In the USA During the Olympics – Missing the BBC

Note: There is an add at the end about how I am now able to watch the BBC abroad.

So you had to change channel during one of Andy Murray’s matches? Sorry to hear about that. That’s really vegan cheese.

Brits complaining about the BBC coverage of the Olympics should try watching them on NBC. It’s easy in the UK to get involved in the unfolding cavalcade of colour, excitement and drama that unfolds across several channels.

Our TV subscription entitles us to watch the main NBC prime time channel. We can’t watch the BBC because we are not in the UK. There is an option for subscribers to find some live coverage online but that hasn’t worked out for me.

The NBC prime time Rio show runs for four hours each evening but it’s a kind of unfolding car crash of all the worst aspects of old-style TV. It is virtually unwatchable.

First there are the adverts, which happen with incredible frequency and repetition. It’s virtually the same five ads all the time. We have “Real People. Not Actors” swooning over “Awesome” Chevys; America Runs on Dunkin, Gold-themed insurance ads “People ask me what it’s like to win an Olympic gold medal. I tell them, if you own an insurable consumer item you already know.”

Then there is Coke’s “Gold Feeling’ campaign which encourages viewers to text about experiences that equate to winning a gold medal. It doesn’t seem to have caught fire exactly. I just checked and the top tweet was “last thing any of these athletes need is your shitty unhealthy product #That’sGold”.
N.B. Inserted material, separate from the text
(* Let $X$ be a topological space and let $K_n\subseteq\mathbb R^X$ for $n\in\mathbb N$. Let $\Gamma=\bigcup_{n\in\mathbb N}K_n$ and suppose that for each $n\in\mathbb N$ the set $A_n$ of points $x\in X$ at which $K_n$ is equicontinuous is a residual subset of $X$. Then $X$ is conditionally $\sigma^*_{C(X_\Gamma)}$-$\alpha$-favorable. In particular, $X$ is conditionally $\sigma^*_\Gamma$-$\alpha$-favorable.
   Context: A family $K\subseteq\mathbb R^X$ is equicontinuous at $x\in X$ if for every $\varepsilon>0$ there is a neighborhood $U$ of $x$ such that $|g(y)-g(x)|<\varepsilon$ for all $y\in U$ and all $g\in K$. A set is residual if its complement is of first category. $X_\Gamma$ denotes the set $X$ equipped with the topology generated by the functions in $\Gamma$ (the weakest topology making each $g\in\Gamma$ continuous), and $C(X_\Gamma)$ is the set of real-valued continuous functions on $X_\Gamma$, viewed as a subset of $\mathbb R^X$. For $\Lambda\subseteq\mathbb R^X$, the game $\mathcal J^*_\Lambda$ on $X$: players $\beta$ and $\alpha$ alternately choose nonempty open subsets of $X$, $V_0\supseteq U_0\supseteq V_1\supseteq U_1\supseteq\cdots$, with $\beta$ choosing the $V_n$ (starting with $V_0$) and $\alpha$ the $U_n$. Player $\alpha$ wins the play $((V_n,U_n))_n$ iff for every sequence $(a_n)$ with $a_n\in U_n$ for all $n$ and every $g\in\Lambda$ there exists $t\in\bigcap_n U_n$ with $g(t)\in\overline{\{g(a_n):n\in\mathbb N\}}$. $X$ is conditionally $\sigma^*_\Lambda$-$\alpha$-favorable if $\alpha$ has a strategy $\tau$ such that every play compatible with $\tau$ satisfying $\bigcap_n U_n\neq\emptyset$ is won by $\alpha$. *)

theory Defs
  imports "HOL-Analysis.Analysis"
begin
Then there is Procter and Gamble’s schmaltzy “Thanks Mom” featuring Olympic athletes as children opening their school lunchboxes and smiling with delight to find loving notes pinned to their contents. Is that what Moms are supposed to do now? Yuk. Vomit. I protest. This constant focus on Olympic mothers, however, has made me think there should be a mother’s race at the end of Rio. I reckon Judy Murray would have it sewn up. And I bet her boys made their own lunches.
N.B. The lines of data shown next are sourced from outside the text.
fun crossing_prob :: "nat \<Rightarrow> nat list \<Rightarrow> nat list \<times> nat \<Rightarrow> real" where
  "crossing_prob 0 v e = 0"
| "crossing_prob (Suc t) v e = (1 / real (card (parent_idx v))) *
     (\<Sum>i\<in>parent_idx v. crossing_prob t (v[i := v ! i - 1]) e + of_bool (e = (v, i)))"

definition edges_upto :: "nat \<Rightarrow> nat \<Rightarrow> (nat list \<times> nat) set" where
  "edges_upto d t = {e \<in> cover_edges d. sum_list (fst e) \<le> t}"

lemma finite_parent_idx [simp]: "finite (parent_idx v)"
  unfolding parent_idx_def by auto

lemma parent_idx_subset: "parent_idx v \<subseteq> {..<length v}"
  unfolding parent_idx_def by auto

lemma sum_list_decrement:
  assumes "i \<in> parent_idx v"
  shows "sum_list (v[i := v ! i - 1]) = sum_list v - 1"
proof -
  have i: "i < length v" "0 < v ! i" using assms by (auto simp: parent_idx_def)
  then have "v ! i \<le> sum_list v" by (simp add: elem_le_sum_list)
  then show ?thesis using i by (simp add: sum_list_update)
qed

lemma card_parent_idx_pos:
  assumes "0 < sum_list v" shows "0 < card (parent_idx v)"
proof -
  obtain x where "x \<in> set v" "x \<noteq> 0"
    using assms by (metis sum_list_eq_0_iff bot_nat_0.not_eq_extremum)
  then have "parent_idx v \<noteq> {}" by (auto simp: parent_idx_def in_set_conv_nth)
  then show ?thesis by (simp add: card_gt_0_iff)
qed

lemma crossing_prob_nonneg: "0 \<le> crossing_prob t v e"
  by (induction t arbitrary: v) (auto intro!: sum_nonneg divide_nonneg_nonneg)

lemma finite_lists_sum_le: "finite {v :: nat list. length v = n \<and> sum_list v \<le> t}"
  by (rule finite_subset[OF _ finite_lists_length_eq[of "{..t}" n]])
    (auto dest: member_le_sum_list)

lemma finite_edges_upto [simp]: "finite (edges_upto d t)"
  by (rule finite_subset[of _ "{v. length v = Suc d \<and> sum_list v \<le> t} \<times> {..<Suc d}"])
    (auto simp: edges_upto_def cover_edges_def finite_lists_sum_le)

lemma finite_layer [simp]: "finite (layer d t)"
  by (rule finite_subset[OF _ finite_lists_sum_le[of "Suc d" t]]) (auto simp: layer_def)

lemma bX_eq_linear_combination:
  assumes "finite E" "edges_upto d t \<subseteq> E" "length v = Suc d" "sum_list v = t"
  shows "bX G t v \<omega> = G None \<omega> + (\<Sum>e\<in>E. crossing_prob t v e * G (Some e) \<omega>)"
  using assms(2-)
proof (induction t arbitrary: v)
  case (Suc t)
  define P where "P = parent_idx v"
  define f where "f i e = crossing_prob t (v[i := v ! i - 1]) e + of_bool (e = (v, i))" for i e
  have k: "0 < card P" using card_parent_idx_pos[of v] Suc.prems by (simp add: P_def)
  have "bX G t (v[i := v ! i - 1]) \<omega> + G (Some (v, i)) \<omega>
      = G None \<omega> + (\<Sum>e\<in>E. f i e * G (Some e) \<omega>)" if i: "i \<in> P" for i
  proof -
    have "(v, i) \<in> E"
      using i Suc.prems by (auto simp: P_def edges_upto_def cover_edges_def parent_idx_def)
    then have "E \<inter> {e. e = (v, i)} = {(v, i)}" by auto
    moreover have "edges_upto d t \<subseteq> E"
      using Suc.prems(1) by (auto simp: edges_upto_def)
    ultimately show ?thesis
      using Suc.IH[of "v[i := v ! i - 1]"] Suc.prems sum_list_decrement[of i v] i assms(1)
      by (simp add: P_def f_def distrib_right sum.distrib)
  qed
  then have "bX G (Suc t) v \<omega> = (1 / card P) * (\<Sum>i\<in>P. G None \<omega> + (\<Sum>e\<in>E. f i e * G (Some e) \<omega>))"
    by (simp add: P_def)
  also have "\<dots> = G None \<omega> + (\<Sum>e\<in>E. ((1 / card P) * (\<Sum>i\<in>P. f i e)) * G (Some e) \<omega>)"
    using k by (simp add: sum.distrib sum.swap[of _ P] sum_distrib_left sum_distrib_right field_simps)
  finally show ?case by (simp add: P_def f_def)
qed simp

definition axis_vertex :: "nat \<Rightarrow> nat \<Rightarrow> nat \<Rightarrow> nat list" where
  "axis_vertex d j s = (replicate (Suc d) 0)[j := s]"

definition axis_edges :: "nat \<Rightarrow> nat \<Rightarrow> (nat list \<times> nat) set" where
  "axis_edges d L = (\<lambda>(j, s). (axis_vertex d j s, j)) ` ({..d} \<times> {1..L})"

definition axis_crossings :: "nat \<Rightarrow> nat \<Rightarrow> nat \<Rightarrow> nat list \<Rightarrow> real" where
  "axis_crossings d L t v = (\<Sum>e\<in>axis_edges d L. crossing_prob t v e)"

lemma finite_axis_edges [simp]: "finite (axis_edges d L)"
  by (simp add: axis_edges_def)

lemma card_axis_edges_le: "card (axis_edges d L) \<le> Suc d * L"
  unfolding axis_edges_def
  by (rule order_trans[OF card_image_le]) (simp_all add: card_cartesian_product)

lemma length_axis_vertex [simp]: "length (axis_vertex d j s) = Suc d"
  by (simp add: axis_vertex_def del: replicate_Suc)

lemma nth_axis_vertex: "j \<le> d \<Longrightarrow> l \<le> d \<Longrightarrow> axis_vertex d j s ! l = (if l = j then s else 0)"
  by (simp add: axis_vertex_def nth_list_update del: replicate_Suc)

lemma sum_list_axis_vertex: "j \<le> d \<Longrightarrow> sum_list (axis_vertex d j s) = s"
  by (simp add: axis_vertex_def sum_list_update del: replicate_Suc)

lemma parent_idx_axis_vertex: "j \<le> d \<Longrightarrow> 0 < s \<Longrightarrow> parent_idx (axis_vertex d j s) = {j}"
  by (auto simp: parent_idx_def nth_axis_vertex split: if_splits)

lemma axis_vertex_update: "(axis_vertex d j s)[j := s'] = axis_vertex d j s'"
  by (simp add: axis_vertex_def del: replicate_Suc)

lemma axis_vertex_inj: "j \<le> d \<Longrightarrow> axis_vertex d j s = axis_vertex d j s' \<Longrightarrow> s = s'"
  by (metis nth_axis_vertex order_refl)

lemma mem_axis_edges:
  "(w, j) \<in> axis_edges d L \<longleftrightarrow> j \<le> d \<and> (\<exists>s. 1 \<le> s \<and> s \<le> L \<and> w = axis_vertex d j s)"
  unfolding axis_edges_def by auto

lemma axis_edges_subset_edges_upto: "L \<le> t \<Longrightarrow> axis_edges d L \<subseteq> edges_upto d t"
  by (auto simp: mem_axis_edges edges_upto_def cover_edges_def sum_list_axis_vertex nth_axis_vertex)

lemma axis_crossings_nonneg: "0 \<le> axis_crossings d L t v"
  by (simp add: axis_crossings_def sum_nonneg crossing_prob_nonneg)

lemma axis_crossings_Suc:
  "axis_crossings d L (Suc t) v = (1 / real (card (parent_idx v))) *
     (\<Sum>i\<in>parent_idx v. axis_crossings d L t (v[i := v ! i - 1]) + of_bool ((v, i) \<in> axis_edges d L))"
proof -
  have delta: "(\<Sum>e\<in>axis_edges d L. of_bool (e = (v, i))) = (of_bool ((v, i) \<in> axis_edges d L) :: real)"
    for i unfolding of_bool_def by (simp add: sum.delta')
  have "axis_crossings d L (Suc t) v = (1 / real (card (parent_idx v))) *
     (\<Sum>e\<in>axis_edges d L. \<Sum>i\<in>parent_idx v. crossing_prob t (v[i := v ! i - 1]) e + of_bool (e = (v, i)))"
    unfolding axis_crossings_def crossing_prob.simps by (rule sum_distrib_left[symmetric])
  also have "\<dots> = (1 / real (card (parent_idx v))) *
     (\<Sum>i\<in>parent_idx v. \<Sum>e\<in>axis_edges d L. crossing_prob t (v[i := v ! i - 1]) e + of_bool (e = (v, i)))"
    by (subst sum.swap) (rule refl)
  finally show ?thesis by (simp only: sum.distrib delta axis_crossings_def)
qed

lemma axis_crossings_axis_vertex:
  "j \<le> d \<Longrightarrow> axis_crossings d L s (axis_vertex d j s) = real (min s L)"
proof (induction s)
  case (Suc s)
  have "(axis_vertex d j (Suc s), j) \<in> axis_edges d L \<longleftrightarrow> Suc s \<le> L"
    using Suc.prems axis_vertex_inj[OF Suc.prems] by (auto simp: mem_axis_edges)
  then show ?case
    using Suc by (simp add: axis_crossings_Suc parent_idx_axis_vertex nth_axis_vertex axis_vertex_update)
qed (simp add: axis_crossings_def)

lemma axis_crossings_harmonic:
  assumes "L \<le> t" "sum_list v = Suc t"
  shows "axis_crossings d L (Suc t) v = (1 / real (card (parent_idx v))) *
     (\<Sum>i\<in>parent_idx v. axis_crossings d L t (v[i := v ! i - 1]))"
proof -
  have "(v, i) \<notin> axis_edges d L" for i
    using assms by (auto simp: mem_axis_edges sum_list_axis_vertex)
  then show ?thesis by (simp add: axis_crossings_Suc)
qed

lemma eq_axis_vertex:
  assumes "length v = Suc d" "i \<le> d" "sum_list v \<le> v ! i"
  shows "v = axis_vertex d i (sum_list v)"
proof (rule nth_equalityI)
  fix l assume l: "l < length v"
  have sum: "sum_list v = (\<Sum>m<Suc d. v ! m)"
    using assms(1) by (simp add: sum_list_sum_nth atLeast0LessThan)
  show "v ! l = axis_vertex d i (sum_list v) ! l"
  proof (cases "l = i")
    case True
    then show ?thesis using assms l elem_le_sum_list[of i v] by (simp add: nth_axis_vertex)
  next
    case False
    have "v ! i + v ! l = (\<Sum>m\<in>{i, l}. v ! m)" using False by simp
    also have "\<dots> \<le> (\<Sum>m<Suc d. v ! m)" using l assms by (intro sum_mono2) auto
    finally show ?thesis using False l assms sum by (simp add: nth_axis_vertex)
  qed
qed (use assms in simp)

lemma has_derivative_prod_coordinates:
  fixes f :: "nat \<Rightarrow> nat \<Rightarrow> real \<Rightarrow> real"
  assumes deriv: "\<And>j x. ((\<lambda>\<theta>. f j x \<theta>) has_real_derivative
      (if x = 0 then 0 else f j (x - 1) \<theta> - f j x \<theta>)) (at \<theta>)"
    and len: "length v = Suc d"
  shows "((\<lambda>\<theta>. \<Prod>j<Suc d. f j (v ! j) \<theta>) has_real_derivative
      (\<Sum>i\<in>parent_idx v. (\<Prod>j<Suc d. f j (v[i := v ! i - 1] ! j) \<theta>) - (\<Prod>j<Suc d. f j (v ! j) \<theta>))) (at \<theta>)"
proof -
  define A where "A = {..<Suc d}"
  define D where "D j = (if v ! j = 0 then 0 else f j (v ! j - 1) \<theta> - f j (v ! j) \<theta>)" for j
  define R where "R i = (\<Prod>j\<in>A-{i}. f j (v ! j) \<theta>)" for i
  have "((\<lambda>\<theta>. \<Prod>j\<in>A. f j (v ! j) \<theta>) has_real_derivative (\<Sum>i\<in>A. D i * R i)) (at \<theta>)"
    unfolding R_def D_def by (rule has_field_derivative_prod) (rule deriv)
  moreover have P: "parent_idx v \<subseteq> A" using parent_idx_subset[of v] len by (simp add: A_def)
  have "(\<Sum>i\<in>A. D i * R i) = (\<Sum>i\<in>parent_idx v. D i * R i)"
    using P by (intro sum.mono_neutral_right) (auto simp: A_def D_def parent_idx_def len)
  also have "\<dots> = (\<Sum>i\<in>parent_idx v. (\<Prod>j\<in>A. f j (v[i := v ! i - 1] ! j) \<theta>) - (\<Prod>j\<in>A. f j (v ! j) \<theta>))"
  proof (rule sum.cong[OF refl])
    fix i assume i: "i \<in> parent_idx v"
    then have iA: "i \<in> A" and "v ! i \<noteq> 0" "i < length v" using P by (auto simp: parent_idx_def)
    have "(\<Prod>j\<in>A. f j (v[i := v ! i - 1] ! j) \<theta>) = f i (v ! i - 1) \<theta> * (\<Prod>j\<in>A-{i}. f j (v[i := v ! i - 1] ! j) \<theta>)"
      using iA \<open>i < length v\<close> by (simp add: A_def prod.remove del: prod.lessThan_Suc)
    also have "(\<Prod>j\<in>A-{i}. f j (v[i := v ! i - 1] ! j) \<theta>) = R i"
      unfolding R_def by (rule prod.cong) auto
    finally have "(\<Prod>j\<in>A. f j (v[i := v ! i - 1] ! j) \<theta>) = f i (v ! i - 1) \<theta> * R i" .
    moreover have "(\<Prod>j\<in>A. f j (v ! j) \<theta>) = f i (v ! i) \<theta> * R i"
      using iA by (simp add: A_def R_def prod.remove del: prod.lessThan_Suc)
    ultimately show "D i * R i = (\<Prod>j\<in>A. f j (v[i := v ! i - 1] ! j) \<theta>) - (\<Prod>j\<in>A. f j (v ! j) \<theta>)"
      using \<open>v ! i \<noteq> 0\<close> by (simp add: D_def algebra_simps)
  qed
  ultimately show ?thesis by (simp add: A_def)
qed

definition stay_prob :: "nat \<Rightarrow> nat \<Rightarrow> real \<Rightarrow> real" where
  "stay_prob L x \<theta> = (if x < L then 0 else poisson_cdf (Suc (x - L)) \<theta>)"

definition hit_prob :: "nat \<Rightarrow> real \<Rightarrow> real" where
  "hit_prob x \<theta> = 1 - poisson_cdf x \<theta>"

definition axis_factor :: "nat \<Rightarrow> nat \<Rightarrow> nat \<Rightarrow> nat \<Rightarrow> real \<Rightarrow> real" where
  "axis_factor i L j x \<theta> = (if j = i then stay_prob L x \<theta> else hit_prob x \<theta>)"

text \<open>Let the coordinates of \<open>v\<close> decrease by independent unit-rate Poisson processes, stopped at 0.
  Then \<open>axis_event_prob d i L v \<theta>\<close> is the probability that at time \<open>\<theta>\<close> every coordinate other
  than the \<open>i\<close>-th has reached 0 while the \<open>i\<close>-th is still at least \<open>L\<close>; from such a state the walk
  crosses \<open>L\<close> of the \<^const>\<open>axis_edges\<close>.\<close>

definition axis_event_prob :: "nat \<Rightarrow> nat \<Rightarrow> nat \<Rightarrow> nat list \<Rightarrow> real \<Rightarrow> real" where
  "axis_event_prob d i L v \<theta> = (\<Prod>j<Suc d. axis_factor i L j (v ! j) \<theta>)"

lemma stay_prob_has_derivative:
  assumes "1 \<le> L"
  shows "((\<lambda>\<theta>. stay_prob L x \<theta>) has_real_derivative
     (if x = 0 then 0 else stay_prob L (x - 1) \<theta> - stay_prob L x \<theta>)) (at \<theta>)"
proof (cases "x < L")
  case True
  then show ?thesis by (auto simp: stay_prob_def)
next
  case False
  then have "x - L = Suc (x - 1 - L) \<or> x = L" by auto
  then have "stay_prob L (x - 1) \<theta> - stay_prob L x \<theta> = - poisson_term (x - L) \<theta>"
    using False assms by (auto simp: stay_prob_def poisson_cdf_Suc poisson_cdf_def)
  then show ?thesis
    using False assms poisson_cdf_Suc_has_derivative[of "x - L" \<theta>] by (simp add: stay_prob_def)
qed

lemma hit_prob_has_derivative:
  "((\<lambda>\<theta>. hit_prob x \<theta>) has_real_derivative
     (if x = 0 then 0 else hit_prob (x - 1) \<theta> - hit_prob x \<theta>)) (at \<theta>)"
proof (cases x)
  case (Suc m)
  have "((\<lambda>\<theta>. 1 - poisson_cdf x \<theta>) has_real_derivative 0 - (- poisson_term m \<theta>)) (at \<theta>)"
    using Suc poisson_cdf_Suc_has_derivative[of m \<theta>] by (auto intro!: derivative_eq_intros)
  then show ?thesis using Suc by (simp add: hit_prob_def poisson_cdf_Suc)
qed (simp add: hit_prob_def poisson_cdf_def)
Then there is the show itself which appears to be viewed less as a great, live sporting contest than an opportunity to make people watch adverts.

Although the Rio time zone is close to the US, they don’t show events as they happen. Instead, things that people may actually want to see such as the women’s gymnastics are pushed to the end of the show, so you have already heard on social media who won anyway, and you have to sit through hours of crap to see it.

They are also really static. They don’t zip about as the BBC do, trying to give an overview of the event, the big moments, the triumphs and disasters. For three nights running, we were at the poolside watching swimming heats. Even when there was nothing going on in the pool, we saw swimmers jogging on the spot in tracksuits. Inordinate amounts of time was given over to a feeble tale of Lilly King wagging her finger.  NBC did flash over to the tennis  for two minutes once, but they didn’t even mention the men’s singles. We heard only that the mixed doubles had been an All-American affair.

The other night, I was really keen to see the women’s gymnastics floor competition. These little women are amazing, defying gravity with their powerful bodies, throwing themselves so high into the air that you wouldn’t be surprised to find them going into orbit. Maybe they are the future of the human race – climate change would be helped if we were all 30% smaller and we wouldn’t need jetpacks.

The NBC prime time show kept trailing the gymnastics. I watched a TV presenter get a fencing lesson with an Olympian and learned that Simone Biles’ haul of medals was pretty much overshadowed by the thrill she got from meeting her hero Zac Efron.

There was a package about “Romantic Rio”. “For some the Olympics is all about gold medals, but for others gold rings are going to be their most cherished momentoes ”.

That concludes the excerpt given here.